Il nostro mondo "ricco e benestante", con il suo sfolgorio di luci e di colori e le sue promesse di illimitata gratificazione di tutti i sensi, esercita un’incredibile attrazione su gente di ogni tipo, cultura e condizione.

Posti come, per esempio, St. Moritz, Montecarlo o Las Vegas, diventano per molti dei luoghi mitici come per i bambini è Disneyland, il simbolo del proverbiale "paese dei balocchi" o di "bengodi" in cui tutti vorrebbero andare come se fosse quello il luogo dove finalmente si sentirebbero veramente realizzati. Discoteche, night-club, casinò, incontri sessuali per soddisfare tutte le voglie, alcool, droga, o anche solo le ebbrezze dello sport... sembra che per molti non ci sia nient’altro nella vita che questo.
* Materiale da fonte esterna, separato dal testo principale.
(* Let $\sigma:\mathbb{Z}^2\times\mathbb{Z}^2\to U(1)$ be $\sigma((n,m),(n',m'))=\exp(-2\pi i(\xi_1 nm'+\xi_2 mn'))$ with $\xi_2=\theta/2=-\xi_1$. Then the map $\tilde\sigma:(\mathbb{Z}^2\rtimes_{\varphi_\epsilon}\mathbb{Z})\times(\mathbb{Z}^2\rtimes_{\varphi_\epsilon}\mathbb{Z})\to U(1)$, $$\tilde\sigma((n,m,k),(n',m',k')) := \sigma\big((n,m),(n',m')\varphi_\epsilon^k\big),$$ is a multiplier on the group $\mathbb{Z}^2\rtimes_{\varphi_\epsilon}\mathbb{Z}$.
   Context: Let $\mathbb{K}$ be a real quadratic field, $\theta\in\mathbb{K}\setminus\mathbb{Q}$ (regarded as a real number via a fixed real embedding), and let $\epsilon$ be a totally positive unit of $\mathbb{K}$ with $\epsilon(\mathbb{Z}+\mathbb{Z}\theta)=\mathbb{Z}+\mathbb{Z}\theta$. Write $\epsilon=a+b\theta$ and $\epsilon\theta=c+d\theta$ with $a,b,c,d\in\mathbb{Z}$ and set $\varphi_\epsilon=\begin{pmatrix}a&b\\c&d\end{pmatrix}$, which lies in $\mathrm{SL}_2(\mathbb{Z})$. The group $\mathbb{Z}^2\rtimes_{\varphi_\epsilon}\mathbb{Z}$ consists of triples $(n,m,k)$, with elements of $\mathbb{Z}^2$ written as row vectors, and product $((n,m),k)\cdot((n',m'),k')=((n,m)+(n',m')\varphi_\epsilon^k,\,k+k')$. A multiplier on a discrete group $\Gamma$ is a map $\sigma:\Gamma\times\Gamma\to U(1)$ satisfying $\sigma(\gamma_1,\gamma_2)\sigma(\gamma_1\gamma_2,\gamma_3)=\sigma(\gamma_1,\gamma_2\gamma_3)\sigma(\gamma_2,\gamma_3)$ and $\sigma(\gamma,1)=\sigma(1,\gamma)=1$. *)

theory Defs
  imports "HOL-Analysis.Analysis" "HOL-Computational_Algebra.Polynomial"
begin

definition quad_irrational :: "real \<Rightarrow> bool" where
  "quad_irrational \<theta> \<longleftrightarrow> \<theta> \<notin> \<rat> \<and> (\<exists>p\<in>\<rat>. \<exists>q\<in>\<rat>. \<theta>^2 = p * \<theta> + q)"

definition qfield :: "real \<Rightarrow> real set" where
  "qfield \<theta> = {r + s * \<theta> | r s. r \<in> \<rat> \<and> s \<in> \<rat>}"

text \<open>Coefficients (p,q) with theta^2 = p theta + q; p is the trace of theta.\<close>
definition quad_min :: "real \<Rightarrow> real \<times> real" where
  "quad_min \<theta> = (SOME (p, q). p \<in> \<rat> \<and> q \<in> \<rat> \<and> \<theta>^2 = p * \<theta> + q)"

definition qcoords :: "real \<Rightarrow> real \<Rightarrow> real \<times> real" where
  "qcoords \<theta> x = (THE (r, s). r \<in> \<rat> \<and> s \<in> \<rat> \<and> x = r + s * \<theta>)"

definition qconj :: "real \<Rightarrow> real \<Rightarrow> real" where
  "qconj \<theta> x = (case qcoords \<theta> x of (r, s) \<Rightarrow> r + s * (fst (quad_min \<theta>) - \<theta>))"

definition totally_positive_unit :: "real \<Rightarrow> real \<Rightarrow> bool" where
  "totally_positive_unit \<theta> \<epsilon> \<longleftrightarrow>
     \<epsilon> \<in> qfield \<theta> \<and> algebraic_int \<epsilon> \<and> algebraic_int (1 / \<epsilon>) \<and>
     \<epsilon> > 0 \<and> qconj \<theta> \<epsilon> > 0"

definition zlattice :: "real \<Rightarrow> real set" where
  "zlattice \<theta> = {of_int n + of_int m * \<theta> | n m. True}"

type_synonym mat2 = "int \<times> int \<times> int \<times> int"  \<comment> \<open>(a,b,c,d) = [[a,b],[c,d]]\<close>

definition det2 :: "mat2 \<Rightarrow> int" where
  "det2 M = (case M of (a, b, c, d) \<Rightarrow> a * d - b * c)"

definition rmul :: "int \<times> int \<Rightarrow> mat2 \<Rightarrow> int \<times> int" where
  "rmul v M = (case v of (n, m) \<Rightarrow> case M of (a, b, c, d) \<Rightarrow> (n * a + m * c, n * b + m * d))"

definition sl2_inv :: "mat2 \<Rightarrow> mat2" where
  "sl2_inv M = (case M of (a, b, c, d) \<Rightarrow> (d, -b, -c, a))"

text \<open>v * M^k for integer k (for det M = 1).\<close>
definition rmul_pow :: "int \<times> int \<Rightarrow> mat2 \<Rightarrow> int \<Rightarrow> int \<times> int" where
  "rmul_pow v M k = (if 0 \<le> k then ((\<lambda>w. rmul w M) ^^ nat k) v
                    else ((\<lambda>w. rmul w (sl2_inv M)) ^^ nat (- k)) v)"

definition sd_mult :: "mat2 \<Rightarrow> (int \<times> int) \<times> int \<Rightarrow> (int \<times> int) \<times> int \<Rightarrow> (int \<times> int) \<times> int" where
  "sd_mult M x y = (case x of (v, k) \<Rightarrow> case y of (v', k') \<Rightarrow> (v + rmul_pow v' M k, k + k'))"

definition sd_one :: "(int \<times> int) \<times> int" where
  "sd_one = ((0, 0), 0)"

definition multiplier :: "('g \<Rightarrow> 'g \<Rightarrow> 'g) \<Rightarrow> 'g \<Rightarrow> ('g \<Rightarrow> 'g \<Rightarrow> complex) \<Rightarrow> bool" where
  "multiplier mul e s \<longleftrightarrow>
     (\<forall>x y. norm (s x y) = 1) \<and>
     (\<forall>x y z. s x y * s (mul x y) z = s x (mul y z) * s y z) \<and>
     (\<forall>x. s x e = 1 \<and> s e x = 1)"

definition sigma2 :: "real \<Rightarrow> real \<Rightarrow> int \<times> int \<Rightarrow> int \<times> int \<Rightarrow> complex" where
  "sigma2 \<xi>1 \<xi>2 v w = (case v of (n, m) \<Rightarrow> case w of (n', m') \<Rightarrow>
      exp (- 2 * of_real pi * \<i> * of_real (\<xi>1 * of_int (n * m') + \<xi>2 * of_int (m * n'))))"

definition sigma_tilde :: "real \<Rightarrow> real \<Rightarrow> mat2 \<Rightarrow> (int \<times> int) \<times> int \<Rightarrow> (int \<times> int) \<times> int \<Rightarrow> complex" where
  "sigma_tilde \<xi>1 \<xi>2 M x y = (case x of (v, k) \<Rightarrow> case y of (v', k') \<Rightarrow>
      sigma2 \<xi>1 \<xi>2 v (rmul_pow v' M k))"

end

theory Submission
  imports Defs
begin

text \<open>
  The exponent of \<open>\<sigma>\<close> is \<open>-\<pi>i\<theta>\<close> times the standard symplectic form
  \<open>\<omega>((n,m),(n',m')) = m n' - n m'\<close> on \<open>\<int>\<^sup>2\<close>. It is bilinear and invariant under
  \<open>SL\<^sub>2(\<int>)\<close>, so \<open>\<omega>(v, v' \<phi>\<^sup>k)\<close> is an additive 2-cocycle on the semidirect product, and
  \<open>\<sigma>\<close> composed with the twist is \<open>cis\<close> of a real multiple of it. It remains to see that \<open>\<phi>\<^sub>\<epsilon> \<in> SL\<^sub>2(\<int>)\<close>:
  its determinant is the norm \<open>\<epsilon> \<epsilon>'\<close>, which is positive because \<open>\<epsilon>\<close> is totally
  positive, and is \<open>\<plusminus>1\<close> because multiplication by \<open>\<epsilon>\<close> maps the lattice \<open>\<int> + \<int>\<theta>\<close>
  onto itself.
\<close>

definition sympl :: "int \<times> int \<Rightarrow> int \<times> int \<Rightarrow> int" where
  "sympl v w = (case v of (n, m) \<Rightarrow> case w of (n', m') \<Rightarrow> m * n' - n * m')"

lemma sympl_simp [simp]: "sympl (n, m) (n', m') = m * n' - n * m'"
  by (simp add: sympl_def)

lemma sympl_add_left: "sympl (v + v') w = sympl v w + sympl v' w"
  by (cases v; cases v'; cases w) (simp add: algebra_simps)

lemma sympl_add_right: "sympl v (w + w') = sympl v w + sympl v w'"
  by (cases v; cases w; cases w') (simp add: algebra_simps)

lemma sympl_zero_left [simp]: "sympl 0 w = 0"
  by (cases w) (simp add: zero_prod_def)

lemma sympl_zero_right [simp]: "sympl v 0 = 0"
  by (cases v) (simp add: zero_prod_def)

lemma rmul_simp [simp]: "rmul (n, m) (a, b, c, d) = (n * a + m * c, n * b + m * d)"
  by (simp add: rmul_def)

lemma det2_simp [simp]: "det2 (a, b, c, d) = a * d - b * c"
  by (simp add: det2_def)

lemma rmul_add: "rmul (v + w) M = rmul v M + rmul w M"
  by (cases v; cases w; cases M rule: prod_cases4) (simp add: algebra_simps)

lemma rmul_zero [simp]: "rmul 0 M = 0"
  by (cases M rule: prod_cases4) (simp add: zero_prod_def)

lemma det2_sl2_inv [simp]: "det2 (sl2_inv M) = det2 M"
  by (cases M rule: prod_cases4) (simp add: sl2_inv_def)

lemma rmul_rmul_sl2_inv:
  assumes "det2 M = 1"
  shows "rmul (rmul w M) (sl2_inv M) = w"
proof (cases w; cases M rule: prod_cases4)
  fix n m a b c d
  assume "w = (n, m)" and M: "M = (a, b, c, d)"
  moreover have "(n * a + m * c) * d + (n * b + m * d) * - c = n * (a * d - b * c)"
    and "(n * a + m * c) * - b + (n * b + m * d) * a = m * (a * d - b * c)"
    by (simp_all add: algebra_simps)
  ultimately show ?thesis using assms by (simp add: sl2_inv_def)
qed

lemma rmul_sl2_inv_rmul:
  assumes "det2 M = 1"
  shows "rmul (rmul w (sl2_inv M)) M = w"
proof -
  have "sl2_inv (sl2_inv M) = M"
    by (cases M rule: prod_cases4) (simp add: sl2_inv_def)
  then show ?thesis
    using rmul_rmul_sl2_inv[of "sl2_inv M" w] assms by simp
qed

lemma sympl_rmul:
  assumes "det2 M = 1"
  shows "sympl (rmul v M) (rmul w M) = sympl v w"
proof (cases v; cases w; cases M rule: prod_cases4)
  fix n m n' m' a b c d
  assume "v = (n, m)" "w = (n', m')" "M = (a, b, c, d)"
  moreover have "(n * b + m * d) * (n' * a + m' * c) - (n * a + m * c) * (n' * b + m' * d)
      = (m * n' - n * m') * (a * d - b * c)"
    by (simp add: algebra_simps)
  ultimately show ?thesis using assms by simp
qed

lemma funpow_additive:
  fixes f :: "'a::monoid_add \<Rightarrow> 'a"
  assumes "\<And>x y. f (x + y) = f x + f y"
  shows "(f ^^ n) (x + y) = (f ^^ n) x + (f ^^ n) y"
  by (induction n) (simp_all add: assms)

lemma funpow_fixed_point: "f x = x \<Longrightarrow> (f ^^ n) x = x"
  by (induction n) simp_all

lemma rmul_pow_add: "rmul_pow (v + w) M k = rmul_pow v M k + rmul_pow w M k"
  unfolding rmul_pow_def by (simp add: funpow_additive rmul_add)

lemma rmul_pow_zero [simp]: "rmul_pow 0 M k = 0"
  unfolding rmul_pow_def by (simp add: funpow_fixed_point)

lemma rmul_pow_0 [simp]: "rmul_pow v M 0 = v"
  by (simp add: rmul_pow_def)

lemma rmul_pow_succ:
  assumes "det2 M = 1"
  shows "rmul_pow v M (k + 1) = rmul (rmul_pow v M k) M"
proof (cases "0 \<le> k")
  case True
  then have "nat (k + 1) = Suc (nat k)" by simp
  with True show ?thesis by (simp add: rmul_pow_def)
next
  case False
  then consider "k = -1" | "nat (- k) = Suc (nat (- (k + 1)))" "k + 1 < 0"
    by linarith
  then show ?thesis
    by cases (use False rmul_sl2_inv_rmul[OF assms] in \<open>simp_all add: rmul_pow_def\<close>)
qed

lemma rmul_pow_pred:
  assumes "det2 M = 1"
  shows "rmul_pow v M (k - 1) = rmul (rmul_pow v M k) (sl2_inv M)"
  using rmul_pow_succ[OF assms, of v "k - 1"] rmul_rmul_sl2_inv[OF assms] by simp

lemma rmul_pow_rmul_pow:
  assumes "det2 M = 1"
  shows "rmul_pow (rmul_pow v M k') M k = rmul_pow v M (k + k')"
proof (induction k rule: int_induct[where k = 0])
  case (step1 i)
  have "i + 1 + k' = (i + k') + 1" by simp
  then show ?case by (simp only: rmul_pow_succ[OF assms] step1(2))
next
  case (step2 i)
  have "i - 1 + k' = (i + k') - 1" by simp
  then show ?case by (simp only: rmul_pow_pred[OF assms] step2(2))
qed simp

lemma sympl_rmul_pow:
  assumes "det2 M = 1"
  shows "sympl (rmul_pow v M k) (rmul_pow w M k) = sympl v w"
proof (induction k rule: int_induct[where k = 0])
  case (step1 i)
  then show ?case by (simp add: rmul_pow_succ[OF assms] sympl_rmul[OF assms])
next
  case (step2 i)
  then show ?case
    by (simp add: rmul_pow_pred[OF assms] sympl_rmul[of "sl2_inv M"] assms)
qed simp

lemma multiplier_cisI:
  fixes f :: "'g \<Rightarrow> 'g \<Rightarrow> real"
  assumes "\<And>x y z. f x y + f (mul x y) z = f x (mul y z) + f y z"
    and "\<And>x. f x e = 0" and "\<And>x. f e x = 0"
  shows "multiplier mul e (\<lambda>x y. cis (f x y))"
  unfolding multiplier_def by (simp add: assms(2,3) cis_mult assms(1)[symmetric])

definition sd_sympl :: "mat2 \<Rightarrow> (int \<times> int) \<times> int \<Rightarrow> (int \<times> int) \<times> int \<Rightarrow> int" where
  "sd_sympl M x y = (case x of (v, k) \<Rightarrow> case y of (v', k') \<Rightarrow> sympl v (rmul_pow v' M k))"

lemma sd_sympl_cocycle:
  assumes "det2 M = 1"
  shows "sd_sympl M x y + sd_sympl M (sd_mult M x y) z
       = sd_sympl M x (sd_mult M y z) + sd_sympl M y z"
proof -
  obtain v k v' k' v'' k'' where xyz: "x = (v, k)" "y = (v', k')" "z = (v'', k'')"
    by (metis prod.collapse)
  have lhs: "sd_sympl M x y + sd_sympl M (sd_mult M x y) z
      = sympl v (rmul_pow v' M k) + sympl (v + rmul_pow v' M k) (rmul_pow v'' M (k + k'))"
    by (simp add: xyz sd_sympl_def sd_mult_def)
  have rhs: "sd_sympl M x (sd_mult M y z) + sd_sympl M y z
      = sympl v (rmul_pow (v' + rmul_pow v'' M k') M k) + sympl v' (rmul_pow v'' M k')"
    by (simp add: xyz sd_sympl_def sd_mult_def)
  have "rmul_pow (v' + rmul_pow v'' M k') M k = rmul_pow v' M k + rmul_pow v'' M (k + k')"
    by (simp only: rmul_pow_add rmul_pow_rmul_pow[OF assms])
  moreover have "sympl (rmul_pow v' M k) (rmul_pow v'' M (k + k')) = sympl v' (rmul_pow v'' M k')"
    using sympl_rmul_pow[OF assms, of v' k "rmul_pow v'' M k'"]
    by (simp only: rmul_pow_rmul_pow[OF assms])
  ultimately show ?thesis
    by (simp add: lhs rhs sympl_add_left sympl_add_right)
qed

lemma sd_sympl_one [simp]: "sd_sympl M x sd_one = 0" "sd_sympl M sd_one x = 0"
proof -
  obtain v k where x: "x = (v, k)"
    by (metis prod.collapse)
  have one: "sd_one = (0, 0)"
    by (simp add: sd_one_def zero_prod_def)
  show "sd_sympl M x sd_one = 0" "sd_sympl M sd_one x = 0"
    by (simp_all add: x one sd_sympl_def)
qed

lemma sigma_tilde_eq_cis:
  "sigma_tilde (- t) t M x y = cis (- 2 * pi * t * of_int (sd_sympl M x y))"
proof -
  obtain n m k n' m' k' where xy: "x = ((n, m), k)" "y = ((n', m'), k')"
    by (metis prod.collapse)
  obtain p q where pq: "rmul_pow (n', m') M k = (p, q)"
    by fastforce
  have "sigma_tilde (- t) t M x y
      = exp (- 2 * of_real pi * \<i> * of_real (- t * of_int (n * q) + t * of_int (m * p)))"
    by (simp add: xy pq sigma_tilde_def sigma2_def)
  also have "\<dots> = exp (\<i> * of_real (- 2 * pi * t * of_int (m * p - n * q)))"
    by (rule arg_cong[where f = exp]) (simp add: algebra_simps)
  finally show ?thesis
    by (simp add: xy pq sd_sympl_def cis_conv_exp)
qed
Guardamo abbagliati il "bel mondo" della pubblicità, dove gente "felice" si sente appagata da questo o da quel prodotto, oppure guardamo la gente che corre verso questi "luoghi di delizie" e che sembra dire loro: "Venite anche voi a godervi la vita... siete solo dei poveri stupidi a rimanere legati al vecchiume inutile della religione, della morale o delle tradizioni...".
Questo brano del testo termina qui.